After its initial CEO pick Ms. Murati sided with Mr. Altman and pushed for his return, the OpenAI board roped in Emmet Shear, a co-founder of the Twitch streaming platform, as interim CEO. However, internal divisions seem to have developed in the board, with Mr. Sutskever repenting his role in the fiasco and signing the employees’ letter demanding Mr. Altman’s return. The pressure from employees and investors and its own divisions seemed to finally have an effect, as the board announced the return of Mr. Altman as CEO on Tuesday and its own reconstitution, with all the coup instigators except one — Quora CEO Michael D’Angelo — having resigned. Mr. Sutskever has been dropped from the board but reportedly remains in his employee position.
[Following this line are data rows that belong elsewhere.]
lemma kernel_integrand_outside_ball:
  shows "\<And>\<epsilon>. 0 < \<epsilon> \<Longrightarrow> set_integrable lborel (- ball 0 \<epsilon>) (\<lambda>y. v y * k y)"
    and "\<bar>LINT y:- ball 0 1|lborel. v y * k y\<bar> \<le> 2 * unit_ball_vol DIM('a) * 2 ^ DIM('a) * M * C"
proof -
  define a where "a = DIM('a) + 2 * s"
  have a: "DIM('a) < a"
    using s by (simp add: a_def)
  have le: "\<bar>v y * k y\<bar> \<le> M * C * norm y powr - a" if "y \<in> - ball 0 \<epsilon>" "0 < \<epsilon>" for y \<epsilon>
  proof -
    have "y \<noteq> 0"
      using that by auto
    have "\<bar>v y * k y\<bar> = \<bar>v y\<bar> * k y"
      by (simp add: abs_mult k_nonneg)
    also have "\<dots> \<le> M * (C * norm y powr - a)"
      using \<open>y \<noteq> 0\<close> v_bound k_bound[of y] k_nonneg[of y] fractional_kernel_constants_nonneg
      by (intro mult_mono) (auto simp: a_def)
    finally show ?thesis by simp
  qed
  have w: "set_integrable lborel (- ball (0::'a) \<epsilon>) (\<lambda>y. M * C * norm y powr - a)" if "0 < \<epsilon>" for \<epsilon>
    using set_integrable_norm_powr_outside_ball(1)[OF a that] by simp
  show "set_integrable lborel (- ball 0 \<epsilon>) (\<lambda>y. v y * k y)" if "0 < \<epsilon>" for \<epsilon>
    using le that by (intro set_integrable_abs_le(1)[OF w]) auto
  have "\<bar>LINT y:- ball 0 1|lborel. v y * k y\<bar> \<le> (LINT y:- ball (0::'a) 1|lborel. M * C * norm y powr - a)"
    using le by (intro set_integrable_abs_le(2)[OF w]) auto
  also have "\<dots> = M * C * (LINT y:- ball (0::'a) 1|lborel. norm y powr - a)"
    by simp
  also have "\<dots> \<le> M * C * (unit_ball_vol DIM('a) * 2 ^ DIM('a) / (1 - 2 powr (- 2 * s)))"
    using set_integrable_norm_powr_outside_ball(2)[OF a, of 1] fractional_kernel_constants_nonneg
    by (intro mult_left_mono) (auto simp: a_def)
  also have "\<dots> \<le> M * C * (2 * unit_ball_vol DIM('a) * 2 ^ DIM('a))"
  proof -
    have "2 powr (- 2 * s) \<le> 2 powr (- 1)"
      using s by (intro powr_mono) auto
    then have "1 / 2 \<le> 1 - 2 powr (- 2 * s)"
      by (simp add: powr_minus_divide)
    then show ?thesis
      using fractional_kernel_constants_nonneg
      by (intro mult_left_mono) (auto simp: divide_simps)
  qed
  finally show "\<bar>LINT y:- ball 0 1|lborel. v y * k y\<bar> \<le> 2 * unit_ball_vol DIM('a) * 2 ^ DIM('a) * M * C"
    by (simp add: mult_ac)
qed

lemma kernel_remainder_on_unit_ball:
  shows "set_integrable lborel (ball 0 1) (\<lambda>y. (v y - g y) * k y)"
    and "\<bar>LINT y:ball 0 1|lborel. (v y - g y) * k y\<bar> \<le> unit_ball_vol DIM('a) * 2 ^ DIM('a) / (1 - s) * B * C"
proof -
  define b where "b = DIM('a) + 2 * s - 2"
  have "1 \<le> real DIM('a)"
    using DIM_positive[where 'a='a] by (metis One_nat_def Suc_leI of_nat_1 of_nat_le_iff)
  then have b: "0 \<le> b" "b < DIM('a)"
    using s unfolding b_def by linarith+
  have le: "\<bar>(v y - g y) * k y\<bar> \<le> B * C * norm y powr - b" for y
  proof (cases "y = 0")
    case True
    then show ?thesis
      using v_linearization[of y] by simp
  next
    case False
    have "\<bar>(v y - g y) * k y\<bar> = \<bar>v y - g y\<bar> * k y"
      by (simp add: abs_mult k_nonneg)
    also have "\<dots> \<le> (B * (norm y)\<^sup>2) * (C * norm y powr - (DIM('a) + 2 * s))"
      using False v_linearization[of y] k_bound[of y] k_nonneg[of y] abs_ge_zero[of "v y - g y"]
      by (intro mult_mono) auto
    also have "\<dots> = B * C * ((norm y)\<^sup>2 * norm y powr - (DIM('a) + 2 * s))"
      by (simp add: mult_ac)
    also have "(norm y)\<^sup>2 * norm y powr - (DIM('a) + 2 * s) = norm y powr - b"
    proof -
      have "(norm y)\<^sup>2 * norm y powr - (DIM('a) + 2 * s) = norm y powr (2 + - (DIM('a) + 2 * s))"
        unfolding powr_add using False by (simp add: powr_numeral)
      moreover have "2 + - (DIM('a) + 2 * s) = - b"
        by (simp add: b_def)
      ultimately show ?thesis
        by metis
    qed
    finally show ?thesis .
  qed
  have w: "set_integrable lborel (ball (0::'a) 1) (\<lambda>y. B * C * norm y powr - b)"
    using set_integrable_norm_powr_ball(1)[OF b, of 1] by simp
  show "set_integrable lborel (ball 0 1) (\<lambda>y. (v y - g y) * k y)"
    using le by (intro set_integrable_abs_le(1)[OF w]) auto
  have "\<bar>LINT y:ball 0 1|lborel. (v y - g y) * k y\<bar> \<le> (LINT y:ball (0::'a) 1|lborel. B * C * norm y powr - b)"
    using le by (intro set_integrable_abs_le(2)[OF w]) auto
  also have "\<dots> = B * C * (LINT y:ball (0::'a) 1|lborel. norm y powr - b)"
    by simp
  also have "\<dots> \<le> B * C * (unit_ball_vol DIM('a) * 2 ^ DIM('a) / (2 powr (2 - 2 * s) - 1))"
    using set_integrable_norm_powr_ball(2)[OF b, of 1] fractional_kernel_constants_nonneg
    by (intro mult_left_mono) (auto simp: b_def)
  also have "\<dots> \<le> B * C * (unit_ball_vol DIM('a) * 2 ^ DIM('a) / (1 - s))"
  proof -
    have "1 - s \<le> 2 powr (2 - 2 * s) - 1"
      using half_le_two_powr_minus_one[of "2 - 2 * s"] s by simp
    then show ?thesis
      using s fractional_kernel_constants_nonneg
      by (intro mult_left_mono divide_left_mono) auto
  qed
  finally show "\<bar>LINT y:ball 0 1|lborel. (v y - g y) * k y\<bar>
      \<le> unit_ball_vol DIM('a) * 2 ^ DIM('a) / (1 - s) * B * C"
    by (simp add: mult_ac)
qed

lemma kernel_odd_part_on_unit_ball:
  shows "set_integrable lborel (ball 0 1) (\<lambda>y. g y * (k y - k (- y)) / 2)"
    and "\<bar>LINT y:ball 0 1|lborel. g y * (k y - k (- y)) / 2\<bar> \<le> D / 2 * S"
proof -
  have asym: "set_integrable lborel (ball (0::'a) 1) (\<lambda>y. norm y * \<bar>k y - k (- y)\<bar>)"
    "(LINT y:ball (0::'a) 1|lborel. norm y * \<bar>k y - k (- y)\<bar>) \<le> S"
    using set_integrable_nn_integral_le[OF _ _ _ k_asymmetry S_nonneg] by auto
  have w: "set_integrable lborel (ball (0::'a) 1) (\<lambda>y. D / 2 * (norm y * \<bar>k y - k (- y)\<bar>))"
    using asym(1) by simp
  have le: "\<bar>g y * (k y - k (- y)) / 2\<bar> \<le> D / 2 * (norm y * \<bar>k y - k (- y)\<bar>)" for y
    using mult_right_mono[OF g_bound[of y] abs_ge_zero[of "k y - k (- y)"]]
    by (simp add: abs_mult mult_ac)
  show "set_integrable lborel (ball 0 1) (\<lambda>y. g y * (k y - k (- y)) / 2)"
    using le by (intro set_integrable_abs_le(1)[OF w]) auto
  have "\<bar>LINT y:ball 0 1|lborel. g y * (k y - k (- y)) / 2\<bar>
      \<le> (LINT y:ball (0::'a) 1|lborel. D / 2 * (norm y * \<bar>k y - k (- y)\<bar>))"
    using le by (intro set_integrable_abs_le(2)[OF w]) auto
  also have "\<dots> \<le> D / 2 * S"
    using asym(2) fractional_kernel_constants_nonneg by (simp add: mult_left_mono)
  finally show "\<bar>LINT y:ball 0 1|lborel. g y * (k y - k (- y)) / 2\<bar> \<le> D / 2 * S" .
qed

lemma kernel_integral_on_annulus:
  assumes "0 < \<epsilon>" "\<epsilon> < 1"
  shows "(LINT y:ball 0 1 - ball 0 \<epsilon>|lborel. v y * k y)
    = (LINT y:ball 0 1 - ball 0 \<epsilon>|lborel. (v y - g y) * k y + g y * (k y - k (- y)) / 2)"
proof -
  let ?A = "ball (0::'a) 1 - ball 0 \<epsilon>"
  have vk: "set_integrable lborel ?A (\<lambda>y. v y * k y)"
    using assms by (intro set_integrable_subset[OF kernel_integrand_outside_ball(1)]) auto
  have rem: "set_integrable lborel ?A (\<lambda>y. (v y - g y) * k y)"
    by (intro set_integrable_subset[OF kernel_remainder_on_unit_ball(1)]) auto
  have odd: "set_integrable lborel ?A (\<lambda>y. g y * (k y - k (- y)) / 2)"
    by (intro set_integrable_subset[OF kernel_odd_part_on_unit_ball(1)]) auto
  have gk: "set_integrable lborel ?A (\<lambda>y. g y * k y)"
    using set_integral_diff(1)[OF vk rem] by (simp add: algebra_simps)
  have "(LINT y:?A|lborel. v y * k y) = (LINT y:?A|lborel. (v y - g y) * k y + g y * k y)"
    by (simp add: algebra_simps)
  also have "\<dots> = (LINT y:?A|lborel. (v y - g y) * k y) + (LINT y:?A|lborel. g y * k y)"
    using rem gk by simp
  also have "(LINT y:?A|lborel. g y * k y) = (LINT y:?A|lborel. g y * (k y - k (- y)) / 2)"
    using gk g_odd by (intro set_integral_odd_mult) auto
  also have "(LINT y:?A|lborel. (v y - g y) * k y) + \<dots>
      = (LINT y:?A|lborel. (v y - g y) * k y + g y * (k y - k (- y)) / 2)"
    using rem odd by simp
  finally show ?thesis .
qed

theorem kernel_principal_value:
  "\<exists>L. ((\<lambda>\<epsilon>. LINT y:- ball 0 \<epsilon>|lborel. v y * k y) \<longlongrightarrow> L) (at_right 0) \<and>
    \<bar>L\<bar> \<le> 2 * unit_ball_vol DIM('a) * 2 ^ DIM('a) * M * C
      + unit_ball_vol DIM('a) * 2 ^ DIM('a) / (1 - s) * B * C + D / 2 * S"
proof (intro exI conjI)
  let ?h = "\<lambda>y. (v y - g y) * k y" and ?q = "\<lambda>y. g y * (k y - k (- y)) / 2"
  show "((\<lambda>\<epsilon>. LINT y:- ball 0 \<epsilon>|lborel. v y * k y)
      \<longlongrightarrow> (LINT y:- ball 0 1|lborel. v y * k y) + (LINT y:ball 0 1|lborel. ?h y + ?q y)) (at_right 0)"
    using kernel_integrand_outside_ball(1) kernel_remainder_on_unit_ball(1)
      kernel_odd_part_on_unit_ball(1) kernel_integral_on_annulus
    by (intro tendsto_set_integral_outside_ball) auto
  have "(LINT y:ball 0 1|lborel. ?h y + ?q y) = (LINT y:ball 0 1|lborel. ?h y) + (LINT y:ball 0 1|lborel. ?q y)"
    using kernel_remainder_on_unit_ball(1) kernel_odd_part_on_unit_ball(1) by simp
  then show "\<bar>(LINT y:- ball 0 1|lborel. v y * k y) + (LINT y:ball 0 1|lborel. ?h y + ?q y)\<bar>
      \<le> 2 * unit_ball_vol DIM('a) * 2 ^ DIM('a) * M * C
        + unit_ball_vol DIM('a) * 2 ^ DIM('a) / (1 - s) * B * C + D / 2 * S"
    using kernel_integrand_outside_ball(2) kernel_remainder_on_unit_ball(2)
      kernel_odd_part_on_unit_ball(2) by linarith
qed

end

section \<open>The operator estimate\<close>

lemma enn2real_le_divide:
  assumes "e \<le> ennreal C / ennreal r" "0 \<le> C" "0 < r"
  shows "enn2real e \<le> C / r"
  using assms by (intro enn2real_leI) (simp_all add: divide_ennreal)

lemma fractional_estimate_arith:
  fixes V N M0 D1 D2 C Cs s :: real
  assumes s: "1/2 \<le> s" "s < 1" and nonneg: "0 \<le> V" "0 \<le> M0" "0 \<le> D1" "0 \<le> D2" "0 \<le> C" "0 \<le> Cs"
  shows "2 * V * (2 * M0) * C + V / (1 - s) * (N\<^sup>2 * D2) * C + D1 / 2 * Cs
    \<le> (V * (N\<^sup>2 + 4) + 1) * (M0 + D1 + D2) * (C / (s * (1 - s)) + Cs)"
proof -
  define Q where "Q = C / (s * (1 - s))"
  define Cn where "Cn = V * (N\<^sup>2 + 4) + 1"
  have "C / (1 - s) \<le> Q"
    using s nonneg by (auto simp: Q_def intro!: divide_left_mono mult_le_one)
  moreover have "C \<le> C / (1 - s)"
    using s nonneg by (simp add: le_divide_eq mult_left_le)
  ultimately have CQ: "C \<le> Q" "C / (1 - s) \<le> Q"
    by linarith+
  have Cn: "4 * V \<le> Cn" "V * N\<^sup>2 \<le> Cn" "1 / 2 \<le> Cn"
    using nonneg by (auto simp: Cn_def algebra_simps)
  have "4 * V * M0 * C \<le> Cn * M0 * Q"
    using Cn CQ nonneg by (intro mult_mono) auto
  moreover have "V * N\<^sup>2 * D2 * (C / (1 - s)) \<le> Cn * D2 * Q"
    using Cn CQ nonneg s by (intro mult_mono) auto
  moreover have "1 / 2 * D1 * Cs \<le> Cn * D1 * Cs"
    using Cn nonneg by (intro mult_mono) auto
  moreover have "0 \<le> Cn * (M0 * Cs + D1 * Q + D2 * Cs)"
    using s nonneg by (simp add: Cn_def Q_def)
  ultimately show ?thesis
    unfolding Cn_def[symmetric] Q_def[symmetric] by (simp add: algebra_simps)
qed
While it may seem like a place led solely by money and technology, Silicon Valley also has its philosophies, a key one being ‘effective altruism’. Simply put, effective altruism looks at ways in which any intervention, monetary or technical, can be most effective. The practitioners of this philosophy among the Silicon Valley elite have an obsession with the possible negative impacts of AI and reducing the risk associated with it. OpenAI’s charter itself speaks of safely building an AGI, or Artificial General Intelligence, an AI capable of reasoning like humans unlike the generative AIs that we have that only create based on what it has ‘learned’. Effective Altruists tend to push back against the ‘techno optimists’ and ‘accelerationists’, who believe that the benefits of technology outweigh the bad and that all technological developments need to be accelerated as it is the way forward for mankind. The effective altruism proponents on OpenAI’s board seem to have been spooked by the rapid commercialisation of the company and feared that it was deviating from its original purpose, playing into the hands of accelerationists. They may have been trying to recapture the narrative but bungled up the effort.